花若溪跟在袁秋水身後走出殿門,剛踏上石階,一道綠油油的身影便如離弦之箭般竄了過來,靈活地撲進她懷裡,毛茸茸的腦袋在她胸前蹭了蹭。
“阿璃!你可算出來了!我都等好久了!”小蟲的聲音軟糯,帶著幾分委屈,一雙黑豆般的小眼睛亮晶晶地看著她。
這突如其來的小傢伙,瞬間吸引了一旁朱夢瑤和黎莫愁的注意。
黎莫愁好奇地湊上前來,伸出手指輕輕揪了揪小蟲圓滾滾的大耳朵,眼神中滿是疑惑:“小蟲?小師妹,這是你新契約的靈獸?”
她仔細打量著小蟲,只見它通體翠綠,身形像一隻放大了數倍的螢火蟲,卻長著六條短短的小腿,跑起來靈活得很,模樣既像蟲子又透著幾分可愛。
黎莫愁越看越覺得新奇:“這是蟲族的靈獸吧?瞧著倒是別緻,既有蟲子的靈動,又長著腳,怪有意思的。”

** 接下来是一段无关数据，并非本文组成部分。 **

lemma bv_scale_alpha [simp]: "bv_scale s1 s2 bv_alpha = bv_const s1 * bv_alpha"
  by (simp add: bv_scale_def)

lemma bv_scale_beta [simp]: "bv_scale s1 s2 bv_beta = bv_const s2 * bv_beta"
  by (simp add: bv_scale_def)

lemma bv_scale_bv_eval:
  "bv_scale s1 s2 (bv_eval p x y) = bv_eval p (bv_scale s1 s2 x) (bv_scale s1 s2 y)"
  by (simp add: bv_scale_def bv_eval_bv_eval)

lemma bv_eval_bv_scale:
  "bv_eval (bv_scale s1 s2 p) x y = bv_eval p (bv_const s1 * x) (bv_const s2 * y)"
  by (simp add: bv_scale_def bv_eval_bv_eval bv_eval.hom_mult)

lemma idom_isom_bv_scale:
  fixes s1 s2 :: "'a::field"
  assumes "s1 \<noteq> 0" and "s2 \<noteq> 0"
  shows "idom_isom (bv_scale s1 s2)"
  by (rule idom_isomI[where g = "bv_scale (inverse s1) (inverse s2)"])
    (use assms in \<open>simp_all add: bv_scale.comm_ring_hom_axioms bv_scale_bv_scale\<close>)

lemma bv_scale_eq_0_iff [simp]:
  fixes s1 s2 :: "'a::field"
  assumes "s1 \<noteq> 0" and "s2 \<noteq> 0"
  shows "bv_scale s1 s2 p = 0 \<longleftrightarrow> p = 0"
proof -
  interpret idom_isom "bv_scale s1 s2"
    using assms by (rule idom_isom_bv_scale)
  show ?thesis by (rule hom_0_iff)
qed

lemma prime_elem_bv_scale:
  fixes s1 s2 :: "'a::field_gcd"
  assumes "s1 \<noteq> 0" and "s2 \<noteq> 0" and "prime_elem q"
  shows "prime_elem (bv_scale s1 s2 q)"
  using idom_isom_bv_scale[OF assms(1,2)] assms(3) by (rule prime_elem_isom)

definition bv_scale_eigen :: "'a::comm_ring_1 \<Rightarrow> 'a \<Rightarrow> 'a poly poly \<Rightarrow> bool" where
  "bv_scale_eigen s1 s2 q \<longleftrightarrow> (\<exists>c. bv_scale s1 s2 q = bv_const c * q)"

lemma bv_scale_eigen_power:
  assumes "bv_scale_eigen s1 s2 q"
  shows "bv_scale_eigen (s1 ^ n) (s2 ^ n) q"
proof (induction n)
  case (Suc n)
  from assms obtain c where c: "bv_scale s1 s2 q = bv_const c * q"
    by (auto simp: bv_scale_eigen_def)
  from Suc obtain d where d: "bv_scale (s1 ^ n) (s2 ^ n) q = bv_const d * q"
    by (auto simp: bv_scale_eigen_def)
  have "bv_scale (s1 ^ Suc n) (s2 ^ Suc n) q = bv_scale (s1 ^ n) (s2 ^ n) (bv_scale s1 s2 q)"
    by (simp add: bv_scale_bv_scale mult_ac)
  also have "\<dots> = bv_const (c * d) * q"
    by (simp add: c d bv_scale_bv_const_mult bv_const.hom_mult)
  finally show ?case
    by (auto simp: bv_scale_eigen_def)
qed (auto simp: bv_scale_eigen_def intro: exI[of _ 1])

lemma bv_scale_eigen_if_homogeneous:
  assumes "homogeneous b"
  shows "bv_scale_eigen t t b"
proof -
  obtain d where d: "\<And>i j. coeff (coeff b i) j \<noteq> 0 \<Longrightarrow> i + j = d"
    using assms unfolding homogeneous_def by blast
  have "bv_scale t t b = bv_const (t ^ d) * b"
  proof (intro poly_eqI)
    fix i j
    show "coeff (coeff (bv_scale t t b) i) j = coeff (coeff (bv_const (t ^ d) * b) i) j"
      using d[of i j] by (cases "coeff (coeff b i) j = 0")
        (auto simp: add.commute simp flip: power_add)
  qed
  then show ?thesis
    by (auto simp: bv_scale_eigen_def)
qed

lemma bv_scale_dvd_of_eigen:
  fixes s1 s2 :: "'a::field_gcd"
  assumes "s1 \<noteq> 0" and "s2 \<noteq> 0" and "bv_scale_eigen s1 s2 b" and "q dvd b"
  shows "bv_scale s1 s2 q dvd b"
proof -
  obtain c where c: "bv_scale s1 s2 b = bv_const c * b"
    using assms(3) by (auto simp: bv_scale_eigen_def)
  show ?thesis
  proof (cases "c = 0")
    case True
    then have "b = 0"
      using c assms(1,2) by (simp add: bv_const.hom_zero)
    then show ?thesis by simp
  next
    case False
    have "bv_scale s1 s2 q dvd bv_const c * b"
      using bv_scale.hom_dvd[OF assms(4), of s1 s2] c by simp
    then show ?thesis
      using False by (metis dvd_mult_unit_iff' is_unit_bv_iff)
  qed
qed

lemma normalize_bv_scale_of_eigen:
  fixes s1 s2 :: "'a::field_gcd"
  assumes "s1 \<noteq> 0" and "s2 \<noteq> 0" and "bv_scale_eigen s1 s2 q"
  shows "normalize (bv_scale s1 s2 q) = normalize q"
proof -
  obtain c where c: "bv_scale s1 s2 q = bv_const c * q"
    using assms(3) by (auto simp: bv_scale_eigen_def)
  show ?thesis
  proof (cases "c = 0")
    case True
    then have "q = 0"
      using c assms(1,2) by (simp add: bv_const.hom_zero)
    then show ?thesis by simp
  next
    case False
    then have "is_unit (bv_const c)"
      by (auto simp: is_unit_bv_iff)
    then show ?thesis
      using c by simp
  qed
qed

lemma bv_scale_eigen_of_associated:
  fixes s1 s2 :: "'a::field_gcd"
  assumes "s1 \<noteq> 0" and "s2 \<noteq> 0" and "n \<le> n'"
    and "normalize (bv_scale (s1 ^ n) (s2 ^ n) q) = normalize (bv_scale (s1 ^ n') (s2 ^ n') q)"
  shows "bv_scale_eigen (s1 ^ (n' - n)) (s2 ^ (n' - n)) q"
proof -
  interpret idom_isom "bv_scale (s1 ^ n) (s2 ^ n)"
    using assms(1,2) by (intro idom_isom_bv_scale) simp_all
  obtain w where "is_unit w" and w: "bv_scale (s1 ^ n') (s2 ^ n') q = w * bv_scale (s1 ^ n) (s2 ^ n) q"
    using assms(4) by (rule associatedE2)
  then obtain c where "w = bv_const c"
    by (auto simp: is_unit_bv_iff)
  have "bv_scale (s1 ^ n') (s2 ^ n') q = bv_scale (s1 ^ n) (s2 ^ n) (bv_scale (s1 ^ (n' - n)) (s2 ^ (n' - n)) q)"
    using assms(3) by (simp add: bv_scale_bv_scale flip: power_add)
  with w have "bv_scale (s1 ^ n) (s2 ^ n) (bv_scale (s1 ^ (n' - n)) (s2 ^ (n' - n)) q)
      = bv_scale (s1 ^ n) (s2 ^ n) (bv_const c * q)"
    by (simp add: \<open>w = bv_const c\<close> bv_scale_bv_const_mult)
  then show ?thesis
    by (auto simp: bv_scale_eigen_def)
qed

lemma bv_scale_eigen_if_monomial:
  assumes "\<And>i j i' j'. coeff (coeff q i) j \<noteq> 0 \<Longrightarrow> coeff (coeff q i') j' \<noteq> 0 \<Longrightarrow> i = i' \<and> j = j'"
  shows "bv_scale_eigen s1 s2 q"
proof (cases "q = 0")
  case True
  then show ?thesis
    by (auto simp: bv_scale_eigen_def bv_scale.hom_zero)
next
  case False
  then have "coeff (coeff q (degree q)) (degree (coeff q (degree q))) \<noteq> 0"
    by simp
  then obtain i0 j0 where ij0: "coeff (coeff q i0) j0 \<noteq> 0"
    by blast
  have "bv_scale s1 s2 q = bv_const (s1 ^ j0 * s2 ^ i0) * q"
  proof (intro poly_eqI)
    fix i j
    show "coeff (coeff (bv_scale s1 s2 q) i) j = coeff (coeff (bv_const (s1 ^ j0 * s2 ^ i0) * q) i) j"
      using assms[OF ij0, of i j] by (cases "coeff (coeff q i) j = 0") auto
  qed
  then show ?thesis
    by (auto simp: bv_scale_eigen_def)
qed

lemma bv_scale_eigen_coeffD:
  fixes s1 s2 :: "'a::idom"
  assumes "bv_scale_eigen s1 s2 q"
  obtains c where "\<And>i j. coeff (coeff q i) j \<noteq> 0 \<Longrightarrow> s1 ^ j * s2 ^ i = c"
proof -
  obtain c where c: "bv_scale s1 s2 q = bv_const c * q"
    using assms by (auto simp: bv_scale_eigen_def)
  have "s1 ^ j * s2 ^ i = c" if "coeff (coeff q i) j \<noteq> 0" for i j
    using arg_cong[OF c, of "\<lambda>p. coeff (coeff p i) j"] that by simp
  then show ?thesis by (rule that)
qed

lemma monomial_if_bv_scale_eigen:
  fixes s r1 r2 :: "'a::field"
  assumes "s \<noteq> 0" and "\<not> root_of_unity s" and "r1 \<noteq> 0" and "r2 \<noteq> 0"
    and "\<not> root_of_unity (r1 / r2)"
    and "bv_scale_eigen s s q" and "bv_scale_eigen r1 r2 q"
    and "coeff (coeff q i) j \<noteq> 0" and "coeff (coeff q i') j' \<noteq> 0"
  shows "i = i' \<and> j = j'"
proof -
  obtain c where c: "\<And>i j. coeff (coeff q i) j \<noteq> 0 \<Longrightarrow> s ^ j * s ^ i = c"
    using bv_scale_eigen_coeffD[OF assms(6)] by blast
  obtain d where d: "\<And>i j. coeff (coeff q i) j \<noteq> 0 \<Longrightarrow> r1 ^ j * r2 ^ i = d"
    using bv_scale_eigen_coeffD[OF assms(7)] by blast
  have "s ^ (i + j) = s ^ (i' + j')"
    using c[OF assms(8)] c[OF assms(9)] by (simp add: power_add mult.commute)
  then have degree_eq: "i + j = i' + j'"
    by (rule power_inject_exp_not_root_of_unity[OF assms(1,2)])
  have split: "r1 ^ j * r2 ^ i = (r1 / r2) ^ j * r2 ^ (i + j)" for i j
    using assms(4) by (simp add: power_divide power_add)
  have "(r1 / r2) ^ j * r2 ^ (i + j) = (r1 / r2) ^ j' * r2 ^ (i + j)"
    using d[OF assms(8)] d[OF assms(9)] by (simp add: split degree_eq)
  then have "(r1 / r2) ^ j = (r1 / r2) ^ j'"
    using assms(4) by simp
  then have "j = j'"
    using assms(3,4,5) by (intro power_inject_exp_not_root_of_unity) simp_all
  with degree_eq show ?thesis
    by simp
qed

lemma prime_factor_bv_scale_eigen:
  fixes s1 s2 :: "'a::field_gcd"
  assumes "s1 \<noteq> 0" and "s2 \<noteq> 0" and "b \<noteq> 0" and "bv_scale_eigen s1 s2 b"
    and "prime_elem q" and "q dvd b"
  obtains k where "k > 0" and "bv_scale_eigen (s1 ^ k) (s2 ^ k) q"
proof -
  define Q where "Q n = bv_scale (s1 ^ n) (s2 ^ n) q" for n
  have "normalize (Q n) \<in> prime_factors b" for n
  proof -
    have "prime_elem (Q n)"
      unfolding Q_def using assms(1,2,5) by (simp add: prime_elem_bv_scale)
    moreover have "Q n dvd b"
      unfolding Q_def using assms by (intro bv_scale_dvd_of_eigen bv_scale_eigen_power) simp_all
    ultimately show ?thesis
      using assms(3) by (auto intro!: prime_factorsI)
  qed
  then have "finite (range (\<lambda>n. normalize (Q n)))"
    by (auto intro: finite_subset)
  then have "\<not> inj (\<lambda>n. normalize (Q n))"
    using finite_imageD infinite_UNIV_nat by blast
  then obtain n n' where "n \<noteq> n'" and "normalize (Q n) = normalize (Q n')"
    by (auto simp: inj_def)
  then obtain n n' where "n < n'" and "normalize (Q n) = normalize (Q n')"
    by (metis linorder_neqE_nat)
  then have "bv_scale_eigen (s1 ^ (n' - n)) (s2 ^ (n' - n)) q"
    unfolding Q_def using assms(1,2) by (intro bv_scale_eigen_of_associated) simp_all
  with \<open>n < n'\<close> show ?thesis
    by (intro that[of "n' - n"]) simp_all
qed

lemma normalize_bv_scale_power_if_recurrent:
  fixes t l1 l2 :: "'a::field_gcd"
  assumes "t \<noteq> 0" and "\<not> root_of_unity t"
    and "l1 \<noteq> 0" and "l2 \<noteq> 0" and "\<not> root_of_unity (l1 / l2)"
    and "b \<noteq> 0" and "bv_scale_eigen t t b" and "prime_elem q" and "q dvd b"
    and "m < m'"
    and "normalize (bv_scale (l1 ^ m) (l2 ^ m) q) = normalize (bv_scale (l1 ^ m') (l2 ^ m') q)"
  shows "normalize (bv_scale (l1 ^ m) (l2 ^ m) q) = normalize q"
proof -
  obtain k where "k > 0" and eigen_t: "bv_scale_eigen (t ^ k) (t ^ k) q"
    using assms(1,1,6-9) by (rule prime_factor_bv_scale_eigen)
  have eigen_l: "bv_scale_eigen (l1 ^ (m' - m)) (l2 ^ (m' - m)) q"
    using assms(3,4,10,11) by (intro bv_scale_eigen_of_associated) simp_all
  have "\<not> root_of_unity (t ^ k)"
    using assms(2) \<open>k > 0\<close> by (rule not_root_of_unity_power)
  moreover have "\<not> root_of_unity (l1 ^ (m' - m) / l2 ^ (m' - m))"
    using not_root_of_unity_power[OF assms(5), of "m' - m"] assms(10) by (simp add: power_divide)
  ultimately have "i = i' \<and> j = j'"
    if "coeff (coeff q i) j \<noteq> 0" and "coeff (coeff q i') j' \<noteq> 0" for i j i' j'
    using assms(1,3,4) by (intro monomial_if_bv_scale_eigen[OF _ _ _ _ _ eigen_t eigen_l that]) simp_all
  then have "bv_scale_eigen (l1 ^ m) (l2 ^ m) q"
    by (rule bv_scale_eigen_if_monomial)
  then show ?thesis
    using assms(3,4) by (intro normalize_bv_scale_of_eigen) simp_all
qed

lemma not_coprime_bv_scale_imp_prime_factors:
  fixes a b :: "'a::field_gcd poly poly"
  assumes "s1 \<noteq> 0" and "s2 \<noteq> 0" and "a \<noteq> 0" and "b \<noteq> 0"
    and "\<not> coprime a (bv_scale s1 s2 b)"
  shows "\<exists>p\<in>prime_factors a. \<exists>q\<in>prime_factors b. p dvd bv_scale s1 s2 q"
proof -
  obtain g where "g dvd a" and "g dvd bv_scale s1 s2 b" and "\<not> is_unit g"
    using assms(5) by (rule not_coprimeE)
  moreover from \<open>g dvd a\<close> assms(3) have "g \<noteq> 0"
    by auto
  ultimately obtain p where "p dvd g" and "prime p"
    by (metis prime_divisor_exists)
  moreover from \<open>p dvd g\<close> \<open>g dvd a\<close> have "p dvd a"
    by (rule dvd_trans)
  ultimately have p: "p \<in> prime_factors a"
    using assms(3) by (intro prime_factorsI)
  define q where "q = bv_scale (inverse s1) (inverse s2) p"
  have scale_q: "bv_scale s1 s2 q = p"
    using assms(1,2) by (simp add: q_def bv_scale_bv_scale)
  from \<open>p dvd g\<close> \<open>g dvd bv_scale s1 s2 b\<close> have "p dvd bv_scale s1 s2 b"
    by (rule dvd_trans)
  then have "q dvd bv_scale (inverse s1) (inverse s2) (bv_scale s1 s2 b)"
    unfolding q_def by (rule bv_scale.hom_dvd)
  then have "q dvd b"
    using assms(1,2) by (simp add: bv_scale_bv_scale)
  moreover have "prime_elem q"
    unfolding q_def using \<open>prime p\<close> assms(1,2) by (simp add: prime_elem_bv_scale)
  ultimately have "normalize q \<in> prime_factors b"
    using assms(4) by (auto intro!: prime_factorsI)
  moreover have "p dvd bv_scale s1 s2 (normalize q)"
    unfolding scale_q[symmetric] by (intro bv_scale.hom_dvd) simp
  ultimately show ?thesis
    using p by blast
qed
lemma deriv_tower_weighted_mobius:
  fixes \<mu> :: complex
  assumes b: "\<bar>b\<bar> < 1" and \<psi>: "deriv_tower \<psi> D\<psi>" and \<phi>: "deriv_tower \<phi> D\<phi>"
    and rel: "\<And>t. t \<in> {-1..1} \<Longrightarrow> D\<phi> 0 t = weight \<mu> b t * D\<psi> 0 (mobius b t)"
    and y: "y \<in> {-1..1}"
  defines "A \<equiv> \<lambda>t. complex_of_real (b / (1 + b * t))"
    and "Z \<equiv> \<lambda>t. complex_of_real ((1 - b^2) / (1 + b * t)^2)"
    and "P \<equiv> \<lambda>k t. D\<psi> k (mobius b t)"
  shows "D\<phi> 1 y = weight \<mu> b y * (Z y * P 1 y - \<mu> * A y * P 0 y)"
    and "D\<phi> 2 y = weight \<mu> b y *
      ((Z y)^2 * P 2 y - 2 * (\<mu> + 1) * A y * Z y * P 1 y + \<mu> * (\<mu> + 1) * (A y)^2 * P 0 y)"
proof -
  let ?I = "{-1..1::real}"
  define G where "G = weight \<mu> b"
  have W: "1 + b * t \<noteq> 0" and pos: "0 < 1 + b * t" if "t \<in> ?I" for t
    using mobius_denominator_pos[OF b that] by simp_all
  have dG: "(G has_vector_derivative - \<mu> * A t * G t) (at t within ?I)" if "t \<in> ?I" for t
    using has_vector_derivative_weight[OF pos[OF that]] by (simp add: G_def A_def)
  have dA: "(A has_vector_derivative - ((A t)^2)) (at t within ?I)" if "t \<in> ?I" for t
    using has_vector_derivative_of_real[OF has_real_derivative_inverse_affine[OF W[OF that]], where 'a = complex]
    by (simp add: A_def)
  have dZ: "(Z has_vector_derivative - 2 * A t * Z t) (at t within ?I)" if "t \<in> ?I" for t
    using has_vector_derivative_of_real[OF has_real_derivative_mobius_deriv[OF W[OF that]], where 'a = complex]
    by (simp add: A_def Z_def)
  have dP: "(P k has_vector_derivative Z t * P (Suc k) t) (at t within ?I)" if "t \<in> ?I" for k t
    using has_vector_derivative_deriv_tower_mobius[OF b \<psi> that] by (simp add: P_def Z_def)
  have D0: "D\<phi> 0 t = G t * P 0 t" if "t \<in> ?I" for t
    using rel[OF that] by (simp add: G_def P_def)
  have D1: "D\<phi> 1 t = G t * (Z t * P 1 t - \<mu> * A t * P 0 t)" if "t \<in> ?I" for t
  proof -
    have "((\<lambda>t. G t * P 0 t) has_vector_derivative G t * (Z t * P 1 t - \<mu> * A t * P 0 t)) (at t within ?I)"
      by (rule has_vector_derivative_eq_rhs[OF has_vector_derivative_mult[OF dG[OF that] dP[OF that]]])
        (simp add: algebra_simps)
    from deriv_tower_Suc_eqI[OF \<phi> that D0 this] show ?thesis
      by simp
  qed
  then show "D\<phi> 1 y = weight \<mu> b y * (Z y * P 1 y - \<mu> * A y * P 0 y)"
    using y by (simp add: G_def)
  have "((\<lambda>t. Z t * P 1 t - \<mu> * A t * P 0 t) has_vector_derivative
      Z y * (Z y * P 2 y) - 2 * A y * Z y * P 1 y - \<mu> * (A y * (Z y * P 1 y) - (A y)^2 * P 0 y))
      (at y within ?I)"
    by (rule has_vector_derivative_eq_rhs[OF has_vector_derivative_diff[OF
          has_vector_derivative_mult[OF dZ[OF y] dP[OF y]]
          has_vector_derivative_mult[OF has_vector_derivative_mult[OF
            has_vector_derivative_const dA[OF y]] dP[OF y]]]])
      (simp add: algebra_simps numeral_2_eq_2)
  from has_vector_derivative_mult[OF dG[OF y] this]
  have "((\<lambda>t. G t * (Z t * P 1 t - \<mu> * A t * P 0 t)) has_vector_derivative
      G y * ((Z y)^2 * P 2 y - 2 * (\<mu> + 1) * A y * Z y * P 1 y + \<mu> * (\<mu> + 1) * (A y)^2 * P 0 y))
      (at y within ?I)"
    by (rule has_vector_derivative_eq_rhs) (simp add: algebra_simps power2_eq_square)
  from deriv_tower_Suc_eqI[OF \<phi> y D1 this] show "D\<phi> 2 y = weight \<mu> b y *
      ((Z y)^2 * P 2 y - 2 * (\<mu> + 1) * A y * Z y * P 1 y + \<mu> * (\<mu> + 1) * (A y)^2 * P 0 y)"
    by (simp add: G_def numeral_2_eq_2)
qed

definition L_ode :: "real \<Rightarrow> complex \<Rightarrow> (nat \<Rightarrow> real \<Rightarrow> complex) \<Rightarrow> real \<Rightarrow> complex" where
  "L_ode b \<mu> D y =
     (\<mu>^2 + \<mu> - 2 * of_real (1 - b^2) * \<mu> / of_real (1 + b * y)) * D 0 y
   + (2 * \<mu> + 2 - 2 * of_real (1 - b^2) / of_real (1 + b * y)) * of_real y * D 1 y
   + of_real (y^2 - 1) * D 2 y"

definition L'_ode :: "real \<Rightarrow> complex \<Rightarrow> (nat \<Rightarrow> real \<Rightarrow> complex) \<Rightarrow> real \<Rightarrow> complex" where
  "L'_ode b \<mu> D y = (\<mu>^2 - \<mu>) * D 0 y + (2 * \<mu> * of_real y + 2 * of_real b) * D 1 y + of_real (y^2 - 1) * D 2 y"

text \<open>Keeping W = 1 + b y as a separate variable lets \<open>field_simps\<close> clear the denominators
  before the remaining polynomial identity is checked.\<close>

lemma conjugation_identity:
  fixes b y \<mu> G P0 P1 P2 W :: "'a::field"
  assumes W: "W = 1 + b * y" "W \<noteq> 0"
  shows "(\<mu>^2 + \<mu> - 2 * (1 - b^2) * \<mu> / W) * (G * P0)
     + (2 * \<mu> + 2 - 2 * (1 - b^2) / W) * y * (G * ((1 - b^2) / W^2 * P1 - \<mu> * (b / W) * P0))
     + (y^2 - 1) * (G * (((1 - b^2) / W^2)^2 * P2 - 2 * (\<mu> + 1) * (b / W) * ((1 - b^2) / W^2) * P1
         + \<mu> * (\<mu> + 1) * (b / W)^2 * P0))
   = G * ((1 - b^2) / W^2) * ((\<mu>^2 - \<mu>) * P0 + (2 * \<mu> * ((y + b) / W) + 2 * b) * P1
       + (((y + b) / W)^2 - 1) * P2)"
  using W(2) by (simp add: field_simps) (unfold W(1), algebra)

lemma L_ode_conjugate:
  assumes b: "\<bar>b\<bar> < 1" and \<psi>: "deriv_tower \<psi> D\<psi>" and \<phi>: "deriv_tower \<phi> D\<phi>"
    and rel: "\<And>t. t \<in> {-1..1} \<Longrightarrow> D\<phi> 0 t = weight \<mu> b t * D\<psi> 0 (mobius b t)"
    and y: "y \<in> {-1..1}"
  shows "L_ode b \<mu> D\<phi> y = weight \<mu> b y * of_real ((1 - b^2) / (1 + b * y)^2) * L'_ode b \<mu> D\<psi> (mobius b y)"
proof -
  have "complex_of_real (1 + b * y) \<noteq> 0"
    unfolding of_real_eq_0_iff using mobius_denominator_pos[OF b y] by simp
  then have W: "1 + complex_of_real b * complex_of_real y \<noteq> 0"
    by simp
  show ?thesis
    using conjugation_identity[OF refl W, of \<mu> "weight \<mu> b y"
        "D\<psi> 0 (mobius b y)" "D\<psi> 1 (mobius b y)" "D\<psi> 2 (mobius b y)"]
    by (simp only: L_ode_def L'_ode_def rel[OF y] deriv_tower_weighted_mobius[OF b \<psi> \<phi> rel y]
        mobius_def of_real_add of_real_mult of_real_divide of_real_power of_real_diff of_real_1)
qed

definition has_nonzero_smooth_solution :: "((nat \<Rightarrow> real \<Rightarrow> complex) \<Rightarrow> real \<Rightarrow> complex) \<Rightarrow> bool" where
  "has_nonzero_smooth_solution L \<longleftrightarrow>
     (\<exists>\<phi> D. deriv_tower \<phi> D \<and> (\<exists>x\<in>{-1..1}. \<phi> x \<noteq> 0) \<and> (\<forall>y\<in>{-1..1}. L D y = 0))"

lemma eigenvalue_L_iff:
  assumes "\<alpha> \<le> 1"
  shows "eigenvalue_L \<alpha> \<mu> \<longleftrightarrow> has_nonzero_smooth_solution (L_ode (sqrt (1 - \<alpha>)) \<mu>)"
  using assms by (simp add: eigenvalue_L_def has_nonzero_smooth_solution_def L_ode_def)

lemma eigenvalue_L'_iff:
  "eigenvalue_L' \<alpha> \<mu> \<longleftrightarrow> has_nonzero_smooth_solution (L'_ode (sqrt (1 - \<alpha>)) \<mu>)"
  by (simp add: eigenvalue_L'_def has_nonzero_smooth_solution_def L'_ode_def)

lemma conjugate_solutions_iff:
  assumes b: "\<bar>b\<bar> < 1" and \<phi>: "deriv_tower \<phi> D\<phi>" and \<psi>: "deriv_tower \<psi> D\<psi>"
    and rel: "\<And>t. t \<in> {-1..1} \<Longrightarrow> \<phi> t = weight \<mu> b t * \<psi> (mobius b t)"
  shows "(\<exists>x\<in>{-1..1}. \<phi> x \<noteq> 0) \<and> (\<forall>y\<in>{-1..1}. L_ode b \<mu> D\<phi> y = 0) \<longleftrightarrow>
    (\<exists>x\<in>{-1..1}. \<psi> x \<noteq> 0) \<and> (\<forall>x\<in>{-1..1}. L'_ode b \<mu> D\<psi> x = 0)"
proof -
  have ex: "(\<exists>x\<in>{-1..1}. Q x) \<longleftrightarrow> (\<exists>y\<in>{-1..1}. Q (mobius b y))"
    and all: "(\<forall>x\<in>{-1..1}. Q x) \<longleftrightarrow> (\<forall>y\<in>{-1..1}. Q (mobius b y))" for Q
    by (subst (1) mobius_image[OF b, symmetric], blast)+
  have "\<phi> y \<noteq> 0 \<longleftrightarrow> \<psi> (mobius b y) \<noteq> 0" if "y \<in> {-1..1}" for y
    using rel[OF that] by (simp add: weight_def)
  moreover have "L_ode b \<mu> D\<phi> y = 0 \<longleftrightarrow> L'_ode b \<mu> D\<psi> (mobius b y) = 0" if y: "y \<in> {-1..1}" for y
  proof -
    have "D\<phi> 0 t = weight \<mu> b t * D\<psi> 0 (mobius b t)" if "t \<in> {-1..1}" for t
      using \<phi> \<psi> rel[OF that] that mobius_in_interval[OF b that] by (simp add: deriv_tower_def)
    note conj = L_ode_conjugate[OF b \<psi> \<phi> this y]
    have "b^2 < 1"
      using b by (simp add: abs_square_less_1)
    with mobius_denominator_pos[OF b y] have "(1 - b^2) / (1 + b * y)^2 \<noteq> 0"
      by simp
    then have "weight \<mu> b y * of_real ((1 - b^2) / (1 + b * y)^2) \<noteq> 0"
      by (metis exp_not_eq_zero mult_eq_0_iff of_real_eq_0_iff weight_def)
    with conj show ?thesis
      by (metis mult_eq_0_iff)
  qed
  ultimately show ?thesis
    unfolding ex[of "\<lambda>x. \<psi> x \<noteq> 0"] all[of "\<lambda>x. L'_ode b \<mu> D\<psi> x = 0"] by auto
qed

花若溪聞言,嘴角抽了抽,在心裡默默吐槽:大師姐的想象力還是這麼天馬行空。
不過轉念一想,這樣正好,小蟲的真實身份太過特殊,若是被人知曉它身份,難免會引來殺身之禍,大師姐這番話倒是幫她解了圍。
她斂去心中思緒,臉上露出甜甜的笑容,抬手輕輕撫摸著小蟲的背:“對啊大師姐,你真厲害,一猜就中!”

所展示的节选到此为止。